Shopping mall in the Bronx, New York

Bronx Terminal Market, also known as Gateway Center at Bronx Terminal Market, is a shopping mall along the Major Deegan Expressway in Concourse, Bronx, New York. The center encompasses just under one million square feet of retail space built on a 17 acre site that formerly held a wholesale fruit and vegetable market (also named the Bronx Terminal Market) as well as the former Bronx House of Detention for Men, south of Yankee Stadium.

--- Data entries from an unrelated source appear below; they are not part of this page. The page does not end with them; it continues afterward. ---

(* Let $L\in(\Sigma^4_{2,8})^\star$ and $F=\langle L,q(a,b,c)^4\rangle\in\mathbb{R}[a,b,c]_4$, and suppose that the set $\mathcal{V}(F)(\mathbb{R})\subset\mathbb{P}^2(\mathbb{R})$ of real zeros of $F$ is finite. Then $|\mathcal{V}(F)(\mathbb{R})|\le3$. Equivalently: every ternary quartic $F$ lying in $\partial\Sigma^2_{3,4}\cap U$ with only finitely many real projective zeros has at most $3$ real zeros.
   Context: Apolarity pairing on $\mathbb{R}[x,y]$: $\langle x^{\alpha_1}y^{\alpha_2},x^{\beta_1}y^{\beta_2}\rangle=\frac{\beta_1!\beta_2!}{\alpha_1!\alpha_2!}x^{\beta_1-\alpha_1}y^{\beta_2-\alpha_2}$ if $\alpha_i\le\beta_i$, and $0$ otherwise, extended bilinearly. $\Sigma^4_{2,8}\subset\mathbb{R}[x,y]_8$ is the cone of finite sums of fourth powers of real binary quadratic forms and $(\Sigma^4_{2,8})^\star=\{L\in\mathbb{R}[x,y]_8:\langle L,q^4\rangle\ge0\ \forall q\in\mathbb{R}[x,y]_2\}$. With variables $a,b,c$, $q(a,b,c)=ax^2+bxy+cy^2$ and $\langle L,q(a,b,c)^4\rangle\in\mathbb{R}[a,b,c]_4$ is computed in $x,y$ treating $a,b,c$ as scalars. $U\subset\mathbb{R}[a,b,c]_4$ is the $9$-dimensional subspace $\{\langle L,q(a,b,c)^4\rangle: L\in\mathbb{R}[x,y]_8\}$ (equivalently the apolar orthogonal complement of the degree-4 part of the ideal $(b^2-ac)$); $\Sigma^2_{3,4}$ is the cone of nonnegative (equivalently, sums of squares) ternary quartics, and $\partial\Sigma^2_{3,4}$ its boundary. Under $L\mapsto\langle L,q(a,b,c)^4\rangle$, $(\Sigma^4_{2,8})^\star$ corresponds to $\Sigma^2_{3,4}\cap U$. *)

theory Defs
  imports "HOL-Analysis.Analysis" "HOL-Computational_Algebra.Polynomial"
begin

text \<open>A binary octic form L in R[x,y]_8 is encoded by its coefficient function:
  L i is the coefficient of x^i y^(8-i), for i = 0..8 (other values are ignored).\<close>

text \<open>Apolarity pairing restricted to R[x,y]_8 x R[x,y]_8: for monomials of equal
  degree 8, alpha <= beta componentwise forces alpha = beta, and the factor
  beta1! beta2! / (alpha1! alpha2!) equals 1.  Hence the pairing is the plain
  coordinate dot product of coefficient vectors.\<close>
definition apolar8 :: "(nat \<Rightarrow> real) \<Rightarrow> (nat \<Rightarrow> real) \<Rightarrow> real" where
  "apolar8 L M = (\<Sum>i\<le>8. L i * M i * (fact i * fact (8 - i)) / (fact i * fact (8 - i)))"

text \<open>Coefficients of q(a,b,c)^4 where q = a x^2 + b x y + c y^2: the coefficient of
  x^i y^(8-i) equals the coefficient of x^i in (a x^2 + b x + c)^4 (dehomogenise y = 1).\<close>
definition qpow4 :: "real \<Rightarrow> real \<Rightarrow> real \<Rightarrow> nat \<Rightarrow> real" where
  "qpow4 a b c i = coeff ([:c, b, a:] ^ 4) i"

definition Fquart :: "(nat \<Rightarrow> real) \<Rightarrow> real \<times> real \<times> real \<Rightarrow> real" where
  "Fquart L v = (case v of (a, b, c) \<Rightarrow> apolar8 L (qpow4 a b c))"

definition in_dual_cone :: "(nat \<Rightarrow> real) \<Rightarrow> bool" where
  "in_dual_cone L \<longleftrightarrow> (\<forall>a b c. apolar8 L (qpow4 a b c) \<ge> 0)"

definition proj_real_zeros :: "(real \<times> real \<times> real \<Rightarrow> real) \<Rightarrow> (real \<times> real \<times> real) set set" where
  "proj_real_zeros F = {{t *\<^sub>R v | t. True} | v. v \<noteq> 0 \<and> F v = 0}"

end

(* A triple (a, b, c) stands for the binary quadratic q = a x^2 + b xy + c y^2, and
   F(q) = <L, q^4> is a nonnegative quartic in q which is covariant under linear substitutions
   of (x, y).  Up to such a substitution and a scalar, a nonzero real q is x^2 + y^2, xy or x^2.

   Suppose F has four pairwise non-proportional real zeros.  If one of them is definite, move it
   to x^2 + y^2: minimality of F there forces F(q + s (x^2 + y^2)) = F(q), so F vanishes on the
   line joining it to any other zero.  If one is indefinite, move it to xy: then L_3 = L_4 = L_5 = 0,
   and either L_2 L_6 = 0, where two more zeros already force a line of zeros, or L_2, L_6 > 0
   and the zeros are double roots of the discriminant of F(t, b, 1) in b, a nonnegative sextic
   in t that cannot have three double roots.  If all four zeros are squares, moving two of them
   to x^2 and y^2 forces F = 0.  A line of zeros yields infinitely many projective zeros. *)

theory Submission
  imports Defs
begin

lemmas power_expand = power2_eq_square power3_eq_cube power4_eq_xxxx

section \<open>Nonnegative univariate polynomials\<close>

lemma nonneg_poly_at_0:
  fixes p :: "real poly"
  assumes "\<And>t. t > 0 \<Longrightarrow> 0 \<le> poly p t"
  shows "0 \<le> poly p 0"
proof (rule tendsto_lowerbound)
  show "(poly p \<longlongrightarrow> poly p 0) (at_right 0)"
    by (rule tendsto_mono [OF at_le]) (auto intro: isCont_tendsto_compose poly_isCont)
  show "\<forall>\<^sub>F t in at_right 0. 0 \<le> poly p t"
    by (rule eventually_at_rightI [of 0 1]) (use assms in auto)
qed simp

lemma nonneg_quartic_root_0_coeffs:
  fixes c1 c2 c3 c4 :: real
  assumes nonneg: "\<And>t. 0 \<le> c1*t + c2*t^2 + c3*t^3 + c4*t^4"
  shows "c1 = 0" and "0 \<le> c2" and "c2 = 0 \<Longrightarrow> c3 = 0"
proof -
  have at_0: "0 \<le> d" if multiple: "\<And>t. t > 0 \<Longrightarrow> 0 \<le> t^k * (d + e*t + f*t^2 + g*t^3)"
    for k :: nat and d e f g :: real
  proof -
    have "0 \<le> poly [:d, e, f, g:] t" if "t > 0" for t
    proof -
      have "0 \<le> d + e*t + f*t^2 + g*t^3"
        using multiple [OF that] zero_less_power [OF that, of k] by (auto simp: zero_le_mult_iff)
      then show ?thesis by (simp add: algebra_simps power2_eq_square power3_eq_cube)
    qed
    from nonneg_poly_at_0 [OF this] show ?thesis by simp
  qed
  have "0 \<le> c1"
    by (rule at_0 [of 1 _ c2 c3 c4])
       (use nonneg in \<open>simp add: algebra_simps power_expand\<close>)
  moreover have "0 \<le> - c1"
  proof (rule at_0 [of 1 _ c2 "- c3" c4])
    fix t :: real
    show "0 \<le> t^1 * (- c1 + c2*t + (- c3)*t^2 + c4*t^3)"
      using nonneg [of "- t"] by (simp add: algebra_simps power_expand)
  qed
  ultimately show c1: "c1 = 0" by simp
  show "0 \<le> c2"
    by (rule at_0 [of 2 _ c3 c4 0])
       (use nonneg in \<open>simp add: c1 algebra_simps power_expand\<close>)
  assume c2: "c2 = 0"
  have "0 \<le> c3"
    by (rule at_0 [of 3 _ c4 0 0])
       (use nonneg in \<open>simp add: c1 c2 algebra_simps power_expand\<close>)
  moreover have "0 \<le> - c3"
  proof (rule at_0 [of 3 _ c4 0 0])
    fix t :: real
    show "0 \<le> t^3 * (- c3 + c4*t + 0*t^2 + 0*t^3)"
      using nonneg [of "- t"] by (simp add: c1 c2 algebra_simps power_expand)
  qed
  ultimately show "c3 = 0" by simp
qed

lemma nonneg_quadratic_discrim:
  fixes A B C :: real
  assumes A: "A > 0" and nonneg: "\<And>b. 0 \<le> A*b^2 + B*b + C"
  shows "0 \<le> 4*A*C - B^2"
proof -
  have "0 \<le> A*(-B/(2*A))^2 + B*(-B/(2*A)) + C" by (rule nonneg)
  also have "\<dots> = (4*A*C - B^2) / (4*A)" using A by (simp add: field_simps power2_eq_square)
  finally show ?thesis using A by (simp add: zero_le_divide_iff)
qed

lemma nonneg_quadratic_root:
  fixes A B C b :: real
  assumes A: "A > 0" and nonneg: "\<And>b. 0 \<le> A*b^2 + B*b + C" and root: "A*b^2 + B*b + C = 0"
  shows "4*A*C - B^2 = 0" and "b = -B/(2*A)"
proof -
  have "(2*A*b + B)^2 + (4*A*C - B^2) = 4*A*(A*b^2 + B*b + C)"
    by (simp add: algebra_simps power2_eq_square)
  with root have "(2*A*b + B)^2 + (4*A*C - B^2) = 0" by simp
  with nonneg_quadratic_discrim [OF A nonneg]
  have "(2*A*b + B)^2 = 0" and "4*A*C - B^2 = 0"
    by (simp_all add: add_nonneg_eq_0_iff)
  then show "4*A*C - B^2 = 0" and "b = -B/(2*A)"
    using A by (simp_all add: field_simps)
qed

lemma affine_nonneg_imp_const:
  fixes a b :: real
  assumes "\<And>t. 0 \<le> a + b*t"
  shows "b = 0"
proof (rule ccontr)
  assume b: "b \<noteq> 0"
  have "0 \<le> a + b*((- a - 1)/b)" by (rule assms)
  also have "\<dots> = -1" using b by (simp add: field_simps)
  finally show False by simp
qed

lemma nonneg_poly_root_pderiv:
  fixes p :: "real poly"
  assumes "\<And>t. 0 \<le> poly p t" and "poly p a = 0"
  shows "poly (pderiv p) a = 0"
  by (rule DERIV_local_min [OF poly_DERIV, of 1]) (use assms in auto)

text \<open>Both roots are minima of the discriminant in \<open>b\<close>, a quartic in \<open>t\<close> whose derivative
  \<open>4 A (\<beta> + 4 \<alpha> t^3)\<close> has a single real zero.\<close>

lemma nonneg_quadratic_quartic_unique_root:
  fixes A B \<alpha> \<beta> \<gamma> :: real
  assumes A: "A > 0" and "\<beta> \<noteq> 0"
    and nonneg: "\<And>t b. 0 \<le> A*b^2 + B*b + (\<gamma> + \<beta>*t + \<alpha>*t^4)"
    and root1: "A*b1^2 + B*b1 + (\<gamma> + \<beta>*t1 + \<alpha>*t1^4) = 0"
    and root2: "A*b2^2 + B*b2 + (\<gamma> + \<beta>*t2 + \<alpha>*t2^4) = 0"
  shows "t1 = t2 \<and> b1 = b2"
proof -
  define d where "d = [:4*A*\<gamma> - B^2, 4*A*\<beta>, 0, 0, 4*A*\<alpha>:]"
  have poly_d: "poly d t = 4*A*(\<gamma> + \<beta>*t + \<alpha>*t^4) - B^2" for t
    unfolding d_def by (simp add: algebra_simps power_expand)
  have pderiv_d: "poly (pderiv d) t = 4*A*\<beta> + 16*A*\<alpha>*t^3" for t
    unfolding d_def by (simp add: pderiv_pCons algebra_simps power2_eq_square power3_eq_cube)
  have d_nonneg: "0 \<le> poly d t" for t
    using nonneg_quadratic_discrim [OF A nonneg, of t] poly_d [of t] by simp
  have "poly d t1 = 0" "b1 = -B/(2*A)"
    using nonneg_quadratic_root [OF A nonneg root1] poly_d [of t1] by simp_all
  moreover have "poly d t2 = 0" "b2 = -B/(2*A)"
    using nonneg_quadratic_root [OF A nonneg root2] poly_d [of t2] by simp_all
  ultimately have crit: "4*A*\<beta> + 16*A*\<alpha>*t1^3 = 0" "4*A*\<beta> + 16*A*\<alpha>*t2^3 = 0"
    using nonneg_poly_root_pderiv [OF d_nonneg] pderiv_d by metis+
  with A \<open>\<beta> \<noteq> 0\<close> have "16*A*\<alpha> \<noteq> 0" by auto
  moreover from crit have "(16*A*\<alpha>) * t1^3 = (16*A*\<alpha>) * t2^3" by linarith
  ultimately have "t1^3 = t2^3" by simp
  then have "t1 = t2" by (metis odd_real_root_power_cancel odd_numeral)
  with \<open>b1 = -B/(2*A)\<close> \<open>b2 = -B/(2*A)\<close> show ?thesis by simp
qed

lemma double_root_imp_square_dvd:
  fixes p :: "real poly"
  assumes "poly p a = 0" and "poly (pderiv p) a = 0"
  shows "[:-a, 1:]^2 dvd p"
proof -
  obtain q where q: "p = [:-a, 1:] * q"
    using assms(1) poly_eq_0_iff_dvd by (metis dvdE)
  have "pderiv p = [:-a, 1:] * pderiv q + q"
    unfolding q pderiv_mult by (simp add: pderiv_pCons)
  then have "poly q a = 0" using assms(2) by simp
  then have "[:-a, 1:] dvd q" by (simp add: poly_eq_0_iff_dvd)
  then show ?thesis unfolding q power2_eq_square by (rule mult_dvd_mono [OF dvd_refl])
qed

lemma double_root_of_factor:
  fixes p m q :: "real poly"
  assumes "p = m * q" and "poly m a \<noteq> 0" and "poly p a = 0" and "poly (pderiv p) a = 0"
  shows "poly q a = 0" and "poly (pderiv q) a = 0"
proof -
  show q: "poly q a = 0" using assms by simp
  have "pderiv p = m * pderiv q + q * pderiv m" unfolding assms(1) by (rule pderiv_mult)
  with assms(2,4) q show "poly (pderiv q) a = 0" by simp
qed

lemma sextic_with_three_double_roots:
  fixes p :: "real poly"
  assumes "p \<noteq> 0" and "degree p \<le> 6" and "t1 \<noteq> t2" "t1 \<noteq> t3" "t2 \<noteq> t3"
    and "\<And>t. t \<in> {t1, t2, t3} \<Longrightarrow> poly p t = 0 \<and> poly (pderiv p) t = 0"
  shows "\<exists>K. p = smult K (([:-t1, 1:] * [:-t2, 1:] * [:-t3, 1:])^2)"
proof -
  obtain q1 where q1: "p = [:-t1, 1:]^2 * q1"
    using double_root_imp_square_dvd assms(6) by blast
  have "poly q1 t2 = 0" "poly (pderiv q1) t2 = 0"
    using double_root_of_factor [OF q1] assms(3,6) by auto
  then obtain q2 where q2: "q1 = [:-t2, 1:]^2 * q2"
    using double_root_imp_square_dvd by blast
  have p2: "p = ([:-t1, 1:]^2 * [:-t2, 1:]^2) * q2" using q1 q2 by (simp add: mult.assoc)
  have "poly q2 t3 = 0" "poly (pderiv q2) t3 = 0"
    using double_root_of_factor [OF p2] assms(4,5,6) by auto
  then obtain q3 where "q2 = [:-t3, 1:]^2 * q3"
    using double_root_imp_square_dvd by blast
  with p2 have p3: "p = ([:-t1, 1:] * [:-t2, 1:] * [:-t3, 1:])^2 * q3"
    by (simp only: power_mult_distrib mult.assoc)
  with assms(1) have "q3 \<noteq> 0" by auto
  with p3 assms(2) have "degree q3 = 0"
    by (simp add: degree_mult_eq degree_power_eq)
  then obtain K where "q3 = [:K:]" by (metis degree_eq_zeroE)
  with p3 show ?thesis by auto
qed

section \<open>Lines of zeros\<close>

definition independent_pair :: "'a::real_vector \<Rightarrow> 'a \<Rightarrow> bool" where
  "independent_pair v w \<longleftrightarrow> v \<noteq> 0 \<and> (\<forall>t. w \<noteq> t *\<^sub>R v)"

lemma independent_pair_scaleR: "k \<noteq> 0 \<Longrightarrow> independent_pair v w \<Longrightarrow> independent_pair (k *\<^sub>R v) w"
  unfolding independent_pair_def by (metis scaleR_eq_0_iff scaleR_scaleR)

lemma independent_pair_linear_image:
  assumes "linear f" "inj f" "independent_pair v w"
  shows "independent_pair (f v) (f w)"
  using assms unfolding independent_pair_def
  by (metis linear_0 linear_scale injD)

lemma independent_pair_if_lines_differ:
  assumes "v \<noteq> 0" "w \<noteq> 0" "{t *\<^sub>R v | t. True} \<noteq> {t *\<^sub>R w | t. True}"
  shows "independent_pair v w"
proof -
  have "w \<noteq> k *\<^sub>R v" for k
  proof
    assume w: "w = k *\<^sub>R v"
    with assms(2) have "k \<noteq> 0" by auto
    then have "t *\<^sub>R v = (t / k) *\<^sub>R w" for t by (simp add: w)
    then have "{t *\<^sub>R v | t. True} = {t *\<^sub>R w | t. True}"
      unfolding w by (metis scaleR_scaleR)
    with assms(3) show False ..
  qed
  with assms(1) show ?thesis unfolding independent_pair_def by blast
qed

The shopping center, which was completed in 2009, saw the construction of new buildings and two smaller buildings, one new and the other a renovation of an existing building that was part of the original market. The two main buildings are linked by a six-level garage for 2,600 cars. The center's design has earned a Leadership in Energy and Environmental Design (LEED) Silver award.

==History==

=== Early history ===
Bronx Terminal Market is just south of Yankee Stadium under the Major Deegan Expressway, on a wide road named Exterior Street. As early as 1914, Cyrus C. Miller, the former Bronx Borough President, had advocated the creation of a terminal market in New York City. Construction on the market started, but not completed until Fiorello La Guardia took office as mayor. During his tenure, he enacted a program constructing various markets to provide a home for the city's numerous pushcart vendors. Between October 1, 1934, and May 1, 1935, the city built a new complex just south of the existing unfinished structure. Bronx Terminal Market consisted of small two-story concrete buildings of simple design. Designed by Samuel A. Oxhandler with John D. Churchill and Albert W. Lewis, the buildings were originally painted light yellow. In 1936, the market's flagship structure went up, a small, cubist-style polygon at 149th Street with "Bronx Terminal Market" in large relief in the concrete. This building was designed to serve as a bank and, upstairs, a hotel for farmers. A car float brought in rail cars by barge to the market.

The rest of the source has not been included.